→ Collected data:
lemma quotient_cyclic_conj_class_cong:
  assumes x: "x \<in> carrier G" and y: "y \<in> carrier G"
    and "cyclic_conj_class G x = cyclic_conj_class G y"
  shows "cyclic_conj_class (G Mod H) (H #> x) = cyclic_conj_class (G Mod H) (H #> y)"
proof -
  obtain g where g: "g \<in> carrier G" "generate G {y} = conj_set G g (generate G {x})"
    using assms cyclic_conj_class_eq_iff by blast
  then have "generate (G Mod H) {H #> y} = conj_set (G Mod H) (H #> g) (generate (G Mod H) {H #> x})"
    using x y by (simp add: generate_incl quotient_conj_set flip: quotient_generate)
  then show ?thesis
    using g(1) x y by (auto simp: quotient.cyclic_conj_class_eq_iff rcos_in_quotient)
qed

lemma ord_quotient_dvd:
  assumes "x \<in> carrier G"
  shows "quotient.ord (H #> x) dvd ord x"
proof -
  have "(H #> x) [^]\<^bsub>G Mod H\<^esub> ord x = \<one>\<^bsub>G Mod H\<^esub>"
    using assms by (simp add: FactGroup_pow coset_mult_one subset)
  then show ?thesis
    using quotient.pow_eq_id[OF rcos_in_quotient[OF assms]] by simp
qed

lemma finite_quotient: "finite (carrier G) \<Longrightarrow> finite (carrier (G Mod H))"
  by (simp add: carrier_FactGroup)

lemma l_coset_eq_r_coset: "x \<in> carrier G \<Longrightarrow> x <# H = H #> x"
  using coset_eq by simp

lemma mem_l_coset_iff:
  assumes "x \<in> carrier G"
  shows "y \<in> x <# H \<longleftrightarrow> y \<in> carrier G \<and> H #> x = H #> y"
proof -
  have "y \<in> x <# H \<longleftrightarrow> y \<in> H #> x"
    using assms by (simp add: l_coset_eq_r_coset)
  also have "\<dots> \<longleftrightarrow> y \<in> carrier G \<and> H #> x = H #> y"
    using assms rcos_eq_iff elemrcos_carrier[OF is_group] by blast
  finally show ?thesis .
qed

lemma conj_to_generator_on_cosets_iff:
  "(\<forall>x\<in>carrier G - minus_set G. \<forall>y\<in>(x <# H) - minus_set G. conj_to_generator G y x)
     \<longleftrightarrow> (\<forall>x\<in>carrier G - minus_set G. \<forall>y\<in>carrier G - minus_set G.
            H #> x = H #> y \<longrightarrow> cyclic_conj_class G x = cyclic_conj_class G y)"
proof (intro iffI ballI impI)
  fix x y
  assume "\<forall>x\<in>carrier G - minus_set G. \<forall>y\<in>(x <# H) - minus_set G. conj_to_generator G y x"
    and x: "x \<in> carrier G - minus_set G" and y: "y \<in> carrier G - minus_set G" and "H #> x = H #> y"
  then have "conj_to_generator G y x"
    using mem_l_coset_iff by blast
  then show "cyclic_conj_class G x = cyclic_conj_class G y"
    using x y conj_to_generator_iff_cyclic_conj_class_eq by blast
next
  fix x y
  assume classes: "\<forall>x\<in>carrier G - minus_set G. \<forall>y\<in>carrier G - minus_set G.
      H #> x = H #> y \<longrightarrow> cyclic_conj_class G x = cyclic_conj_class G y"
    and x: "x \<in> carrier G - minus_set G" and y: "y \<in> (x <# H) - minus_set G"
  then have "y \<in> carrier G" "H #> x = H #> y"
    using mem_l_coset_iff by blast+
  then show "conj_to_generator G y x"
    using classes x y conj_to_generator_iff_cyclic_conj_class_eq by blast
qed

→ Work order:
Once the line with "using classes x" is located in the data above, repeat it and every later line through the end, exactly.

→ Task solution:
    using classes x y conj_to_generator_iff_cyclic_conj_class_eq by blast
qed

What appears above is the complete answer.